Pregnancy is a remarkable moment in any woman's life. Staying healthy comes along with the excitement of having a new addition to the family and healthy pregnancy is the key to a safe childbirth. Additionally, caring for your pre-natal health maximizes the chances of having a healthy new-born.
Maintaining one's well-being is within your reach. Below are the simple daily exercises that won't let you break a sweat during pregnancy.
Plie
Moving your belly gently while carrying another human being enhances mobility. The fetus inside your belly needs to get used to moving out and about. After it's been born into an infant, it ultimately needs to move one way or another within its environs.
According to Fit Pregnancy, plie lets you move your legs and ankles up and down while breathing in and out. As you move your belly gently, you improve quadricep, hamstring and butt stamina. In no time, you'll have a better body balance, too.
Swimming
A pregnant woman is at her most sensitive physical condition when pregnant and water exercises are the best sources of getting fit, without injected pressure, according to Parents.com. Make it a habit to do some movements in the water to feel energetic during the pre-natal stage. According to Dr. Baron Atkins, an OB-GYN at the Arlington Memorial Hospital in Texas, swimming " is the ideal form of exercise during pregnancy.
Pre-natal Yoga
The unique exercise movements you'll do in pre-natal yoga classes let you meditate without depriving you off physical mobility.
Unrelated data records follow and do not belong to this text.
(* For integers $n\ge j\ge1$ and $m\ge0$ let $T_{n,j,m}$ be the number of ordered increasing $k$-trees of size $n$ in which node $j$ has out-degree $m$. Then $T_{n,j,m}=((k+1)n-km-2k)\,T_{n-1,j,m}+km\,T_{n-1,j,m-1}$ for $n>j$, and the generating function $T^{[j]}(z,v):=\sum_{n\ge j}\sum_{m\ge0}T_{n,j,m}\frac{z^{n-j}}{(n-j)!}v^m$ is given by \[ T^{[j]}(z,v)=\frac{T_j}{\Big(1-v\big(1-(1-(k+1)z)^{\frac{k}{k+1}}\big)\Big)\,(1-(k+1)z)^{\frac{kj-k+j+1}{k+1}}}, \] where $T_j=\prod_{\ell=0}^{j-1}(1+(k+1)\ell)$ is the number of ordered increasing $k$-trees of size $j$.
   Context: Fix an integer $k\ge1$. An ordered increasing $k$-tree of size $n\ge0$ is built as follows. Start with the root-clique $K_0$: $k$ pairwise adjacent vertices labelled $0_1,\dots,0_k$ (the root nodes; each label $0_\ell$ has value $0$). For $j=1,\dots,n$ in turn, node $j$ is inserted by choosing a currently existing $k$-clique $K$ and attaching $j$ to it, i.e. adding edges from $j$ to all $k$ vertices of $K$; $j$ is then a child of $K$ and the vertices of $K$ are the parents of $j$. The $k$-cliques available for attachment are the root-clique and, for every previously inserted node $x$ attached to a clique $K'$, the $k$ cliques $\{x\}\cup(K'\setminus\{w\})$, $w\in K'$. The children of each $k$-clique are linearly ordered: if $K$ currently has $d^+(K)$ children, there are $d^+(K)+1$ positions at which the new child may be placed, and the choice of position is part of the structure; distinct sequences of choices give distinct trees. The out-degree of a node $u$ is the number of nodes having $u$ as a parent. Convention: $T_{n,j,m}=0$ for $m<0$, $T_{j,j,0}=T_j$ and $T_{j,j,m}=0$ for $m>0$. *)

theory Defs
  imports "HOL-Computational_Algebra.Formal_Power_Series"
begin

text \<open>Vertices: the root nodes 0_1..0_k are Root 1 .. Root k; node j (j >= 1) is Nd j.\<close>
datatype vtx = Root nat | Nd nat

text \<open>A tree of size n is the sequence of choices ts of length n: entry i (0-based)
  describes the insertion of node i+1, namely the clique it is attached to and the
  position (0 .. current number of children of that clique) among the children.\<close>

definition root_clique :: "nat \<Rightarrow> vtx set" where
  "root_clique k = Root ` {1..k}"

text \<open>k-cliques available for attachment after the insertions ts.\<close>
definition avail :: "nat \<Rightarrow> (vtx set \<times> nat) list \<Rightarrow> vtx set set" where
  "avail k ts = insert (root_clique k)
     (\<Union>i<length ts. (\<lambda>w. insert (Nd (Suc i)) (fst (ts ! i) - {w})) ` fst (ts ! i))"

definition clique_outdeg :: "(vtx set \<times> nat) list \<Rightarrow> vtx set \<Rightarrow> nat" where
  "clique_outdeg ts K = card {i. i < length ts \<and> fst (ts ! i) = K}"

definition valid_tree :: "nat \<Rightarrow> (vtx set \<times> nat) list \<Rightarrow> bool" where
  "valid_tree k ts \<longleftrightarrow> (\<forall>i<length ts. fst (ts ! i) \<in> avail k (take i ts)
      \<and> snd (ts ! i) \<le> clique_outdeg (take i ts) (fst (ts ! i)))"

definition ktrees :: "nat \<Rightarrow> nat \<Rightarrow> (vtx set \<times> nat) list set" where
  "ktrees k n = {ts. length ts = n \<and> valid_tree k ts}"

definition node_outdeg :: "(vtx set \<times> nat) list \<Rightarrow> nat \<Rightarrow> nat" where
  "node_outdeg ts u = card {i. i < length ts \<and> Nd u \<in> fst (ts ! i)}"

definition Tsize :: "nat \<Rightarrow> nat \<Rightarrow> nat" where
  "Tsize k n = card (ktrees k n)"

definition Tcount :: "nat \<Rightarrow> nat \<Rightarrow> nat \<Rightarrow> nat \<Rightarrow> nat" where
  "Tcount k n j m = card {ts \<in> ktrees k n. node_outdeg ts j = m}"

definition fps_lin_pow :: "real \<Rightarrow> real \<Rightarrow> real fps" where
  "fps_lin_pow c a = fps_binomial a oo (fps_const (- c) * fps_X)"

end

theory Submission
  imports Defs
begin

text \<open>
  A tree of size n+1 is a tree of size n extended by one admissible choice
  (a clique available for attachment together with a position among its children).
  Every available clique is a k-set of vertices, and the available cliques are the root
  clique plus, injectively, one clique for each pair (inserted node, parent replaced),
  so there are 1 + k n of them; adding the n already existing children gives
  (k+1) n + 1 admissible choices.  The choices whose clique contains node j number
  k (1 + d), where d is the current out-degree of j.  Counting extensions therefore yields
  T_{n+1} = ((k+1) n + 1) T_n (hence the product formula) and the recurrence for T_{n,j,m}.

  For the generating function, the recurrence says that the exponential generating
  function A_m of (T_{j+i,j,m})_i satisfies the linear ODE
  (1-(k+1)z) A_m' = (\<gamma> - k m) A_m + k m A_{m-1} with \<gamma> = (k+1) j - k + 1.
  The series T_j W^m (1-(k+1)z)^{-\<gamma>/(k+1)}, with W = 1 - (1-(k+1)z)^{k/(k+1)}, solve the same
  ODEs with the same constant terms, so they coincide with A_m by uniqueness; summing
  \<Sum>_m v^m A_m telescopes against the factor 1 - v W and gives the closed form.
\<close>

section \<open>Counting insertion sequences\<close>

definition vertices :: "nat \<Rightarrow> nat \<Rightarrow> vtx set" where
  "vertices k n = Root ` {1..k} \<union> Nd ` {1..n}"

definition choices :: "nat \<Rightarrow> (vtx set \<times> nat) list \<Rightarrow> (vtx set \<times> nat) set" where
  "choices k ts = Sigma (avail k ts) (\<lambda>K. {..clique_outdeg ts K})"

definition child_clique :: "(vtx set \<times> nat) list \<Rightarrow> nat \<Rightarrow> vtx \<Rightarrow> vtx set" where
  "child_clique ts i w = insert (Nd (Suc i)) (fst (ts ! i) - {w})"

text \<open>The pairs (inserted node, one of its parents); they index the non-root cliques.\<close>
definition parent_pairs :: "(vtx set \<times> nat) list \<Rightarrow> (nat \<times> vtx) set" where
  "parent_pairs ts = Sigma {..<length ts} (\<lambda>i. fst (ts ! i))"

lemma avail_Nil: "avail k [] = {root_clique k}"
  unfolding avail_def by simp

lemma avail_snoc:
  "avail k (ts @ [x]) = avail k ts \<union> (\<lambda>w. insert (Nd (Suc (length ts))) (fst x - {w})) ` fst x"
  unfolding avail_def by (auto simp: nth_append lessThan_Suc)

lemma avail_take: "avail k (take i ts) \<subseteq> avail k ts"
  unfolding avail_def by auto

lemma avail_decomp:
  "avail k ts = insert (root_clique k) ((\<lambda>(i, w). child_clique ts i w) ` parent_pairs ts)"
  unfolding avail_def parent_pairs_def child_clique_def by auto

lemma root_clique_not_child: "root_clique k \<notin> (\<lambda>(i, w). child_clique ts i w) ` parent_pairs ts"
  unfolding root_clique_def child_clique_def by auto

lemma clique_outdeg_snoc:
  "clique_outdeg (ts @ [x]) K = clique_outdeg ts K + (if fst x = K then 1 else 0)"
proof -
  have "{i. i < length (ts @ [x]) \<and> fst ((ts @ [x]) ! i) = K}
        = {i. i < length ts \<and> fst (ts ! i) = K} \<union> (if fst x = K then {length ts} else {})"
    by (auto simp: nth_append less_Suc_eq)
  then show ?thesis unfolding clique_outdeg_def by (auto simp: card_insert_if)
qed

lemma node_outdeg_snoc:
  "node_outdeg (ts @ [x]) j = node_outdeg ts j + (if Nd j \<in> fst x then 1 else 0)"
proof -
  have "{i. i < length (ts @ [x]) \<and> Nd j \<in> fst ((ts @ [x]) ! i)}
        = {i. i < length ts \<and> Nd j \<in> fst (ts ! i)} \<union> (if Nd j \<in> fst x then {length ts} else {})"
    by (auto simp: nth_append less_Suc_eq)
  then show ?thesis unfolding node_outdeg_def by (auto simp: card_insert_if)
qed

lemma node_outdeg_le: "node_outdeg ts j \<le> length ts"
  unfolding node_outdeg_def by (rule card_mono[of "{..<length ts}", simplified]) auto

lemma valid_Nil: "valid_tree k []"
  unfolding valid_tree_def by simp

lemma valid_snoc:
  "valid_tree k (ts @ [x]) \<longleftrightarrow> valid_tree k ts \<and> x \<in> choices k ts"
  unfolding valid_tree_def choices_def by (cases x) (auto simp: nth_append less_Suc_eq)

lemma valid_take: "valid_tree k ts \<Longrightarrow> valid_tree k (take i ts)"
  unfolding valid_tree_def by (auto simp: min_def)

lemma avail_clique_props:
  assumes "valid_tree k ts" "K \<in> avail k ts"
  shows "finite K \<and> card K = k \<and> K \<subseteq> vertices k (length ts)"
  using assms
proof (induction ts arbitrary: K rule: rev_induct)
  case Nil
  have "card (root_clique k) = k"
    unfolding root_clique_def by (subst card_image) (auto simp: inj_on_def)
  with Nil show ?case by (auto simp: avail_Nil root_clique_def vertices_def)
next
  case (snoc x ts)
  have valid: "valid_tree k ts" and x_avail: "fst x \<in> avail k ts"
    using snoc.prems(1) by (auto simp: valid_snoc choices_def)
  have grow: "vertices k (length ts) \<subseteq> vertices k (length (ts @ [x]))"
    by (auto simp: vertices_def)
  have Kx: "finite (fst x)" "card (fst x) = k" "fst x \<subseteq> vertices k (length ts)"
    using snoc.IH[OF valid x_avail] by auto
  have fresh: "Nd (Suc (length ts)) \<notin> fst x"
    using Kx(3) by (auto simp: vertices_def)
  from snoc.prems(2) consider "K \<in> avail k ts"
    | w where "w \<in> fst x" "K = insert (Nd (Suc (length ts))) (fst x - {w})"
    unfolding avail_snoc by blast
  then show ?case
  proof cases
    case 1
    then show ?thesis using snoc.IH[OF valid] grow by blast
  next
    case (2 w)
    have "card (fst x - {w}) = k - 1" "k \<ge> 1"
      using Kx \<open>w \<in> fst x\<close> by (auto simp: card_gt_0_iff Suc_le_eq)
    then show ?thesis using 2 Kx fresh grow by (auto simp: vertices_def)
  qed
qed

lemma attached_clique_props:
  assumes "valid_tree k ts" "i < length ts"
  shows "finite (fst (ts ! i)) \<and> card (fst (ts ! i)) = k \<and> fst (ts ! i) \<subseteq> vertices k i"
proof -
  have "fst (ts ! i) \<in> avail k (take i ts)"
    using assms unfolding valid_tree_def by auto
  from avail_clique_props[OF valid_take[OF assms(1)] this] assms(2) show ?thesis
    by (simp add: min_def)
qed

lemma attached_clique_avail:
  "valid_tree k ts \<Longrightarrow> i < length ts \<Longrightarrow> fst (ts ! i) \<in> avail k ts"
  using avail_take[of k i ts] unfolding valid_tree_def by auto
Yoga exercises strengthen your knees and joints. Because of this, you get to move out and about everyday better while carrying your baby.
Sokhna Heathyre Mabin, a New York yoga instructor lets readers in on the secrets of the benefits of yoga: "Because yoga strengthens your muscle system, stimulates circulation, and helps you relax, you can use the techniques you practice in class to stay calm and have a little more control during labor."
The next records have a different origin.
lemma connected_digraph_spanning_tree:
  assumes "finite V" "A \<subseteq> V \<times> V" "connected_digraph V A"
  obtains T where "T \<subseteq> A" "card T \<le> card V - 1" "connected_digraph V T"
proof -
  obtain v0 where v0: "v0 \<in> V"
    using assms(3) unfolding connected_digraph_def by blast
  then have "card V - 1 < card V"
    using assms(1) card_gt_0_iff by (metis diff_less empty_iff zero_less_one)
  from connected_digraph_partial_spanning_tree[OF assms v0 this]
  obtain S T where S: "S \<subseteq> V" "card S = Suc (card V - 1)" "T \<subseteq> A" "card T \<le> card V - 1"
    and reach: "S \<subseteq> (T \<union> T\<inverse>)\<^sup>* `` {v0}"
    by blast
  have "S = V"
    using card_subset_eq[OF assms(1) S(1)] S(2) \<open>card V - 1 < card V\<close> by simp
  have "sym ((T \<union> T\<inverse>)\<^sup>*)"
    by (simp add: sym_Un_converse sym_rtrancl)
  then have "connected_digraph V T"
    using reach v0 unfolding \<open>S = V\<close> connected_digraph_def by (blast dest: symD intro: rtrancl_trans)
  then show thesis
    using that S(3,4) by blast
qed

lemma indeg_eq_outdeg_converse: "indeg A v = outdeg (A\<inverse>) v"
  by (simp add: indeg_def outdeg_def)

lemma outdeg_Diff:
  assumes "finite C" "C \<subseteq> A"
  shows "outdeg (A - C) v = outdeg A v - outdeg C v"
proof -
  have "{w. (v, w) \<in> A - C} = {w. (v, w) \<in> A} - {w. (v, w) \<in> C}"
    by auto
  moreover have "finite {w. (v, w) \<in> C}"
    using finite_Image[OF assms(1), of "{v}"] by (simp add: Image_singleton)
  ultimately show ?thesis
    unfolding outdeg_def using assms(2) by (auto intro: card_Diff_subset)
qed

lemma indeg_Diff:
  assumes "finite C" "C \<subseteq> A"
  shows "indeg (A - C) v = indeg A v - indeg C v"
proof -
  have "(A - C)\<inverse> = A\<inverse> - C\<inverse>"
    by auto
  then show ?thesis
    using outdeg_Diff[of "C\<inverse>" "A\<inverse>" v] assms by (simp add: indeg_eq_outdeg_converse)
qed

lemma sum_tails_eq_sum_outdeg:
  fixes h :: "'a \<Rightarrow> 'b::comm_semiring_1"
  assumes "finite V" "A \<subseteq> V \<times> V"
  shows "(\<Sum>(x, y)\<in>A. h x) = (\<Sum>v\<in>V. of_nat (outdeg A v) * h v)"
proof -
  have "A = (SIGMA v:V. A `` {v})"
    using assms(2) by auto
  then have "(\<Sum>(x, y)\<in>A. h x) = (\<Sum>(x, y)\<in>(SIGMA v:V. A `` {v}). h x)"
    by simp
  also have "\<dots> = (\<Sum>v\<in>V. \<Sum>w\<in>A `` {v}. h v)"
    using assms finite_subset[OF assms(2)] by (subst sum.Sigma) auto
  finally show ?thesis
    by (simp add: outdeg_def Image_singleton)
qed

lemma sum_heads_eq_sum_indeg:
  fixes h :: "'a \<Rightarrow> 'b::comm_semiring_1"
  assumes "finite V" "A \<subseteq> V \<times> V"
  shows "(\<Sum>(x, y)\<in>A. h y) = (\<Sum>v\<in>V. of_nat (indeg A v) * h v)"
proof -
  have "(\<Sum>(x, y)\<in>A. h y) = (\<Sum>(y, x)\<in>A\<inverse>. h y)"
    by (rule sum.reindex_bij_witness[of _ prod.swap prod.swap]) auto
  also have "\<dots> = (\<Sum>v\<in>V. of_nat (indeg A v) * h v)"
    using sum_tails_eq_sum_outdeg[of V "A\<inverse>" h] assms by (auto simp: indeg_eq_outdeg_converse)
  finally show ?thesis .
qed

lemma balanced_sum_potential_difference:
  fixes h :: "'a \<Rightarrow> 'b::comm_ring_1"
  assumes "finite V" "A \<subseteq> V \<times> V" "\<forall>v\<in>V. indeg A v = outdeg A v"
  shows "(\<Sum>(x, y)\<in>A. h y - h x) = 0"
  using sum_heads_eq_sum_indeg[OF assms(1,2), of h] sum_tails_eq_sum_outdeg[OF assms(1,2), of h] assms(3)
  by (simp add: sum_subtractf case_prod_unfold)

lemma finite_self_map_invariant_subset:
  assumes "finite S" "S \<noteq> {}" "f ` S \<subseteq> S"
  obtains P where "P \<subseteq> S" "P \<noteq> {}" "f ` P = P"
proof -
  let ?closed = "\<lambda>P. P \<subseteq> S \<and> P \<noteq> {} \<and> f ` P \<subseteq> P"
  obtain P where P: "?closed P" and min: "\<And>P'. ?closed P' \<Longrightarrow> card P \<le> card P'"
    using ex_has_least_nat[of ?closed S card] assms by blast
  have "?closed (f ` P)"
    using P by blast
  then have "card P \<le> card (f ` P)"
    by (rule min)
  moreover have "finite P"
    using P assms(1) finite_subset by blast
  ultimately have "f ` P = P"
    using P card_seteq by blast
  then show thesis
    using that P by blast
qed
The Sit-Up Abs Contraction Exercise
This exercise lets you contract your abs for better blood circulation during pregnancy. A Parenting.com article reported that pregnant women can sit on a chair and pull a bathrobe tie around one of their feet. After they've inhaled and exhaled, they'll have improved moods as their abs contract harmoniously.
This routine is quite easy as any expectant mother can do this exercise at home.
Side Lying Inner and Outer Thigh Exercise
Side lying thigh exercises strengthens the areas surrounding the female genitals. Giving birth via C-section woould be less harder for pregnant women who do this exercise daily. An exercise mat is all you need to get this exercise done at home.
Curl and Lift Exercise
This simple hand exercise is an ice-breaker in getting you energized before you give birth. If you haven't done any physical exercises in ages, the curl and lift exercise does not make you feel as if you haven't moved in ages.
Care for your baby and your own health the right way. Committing to doing these simple daily exercises do its share in making pregnancy more pleasurable.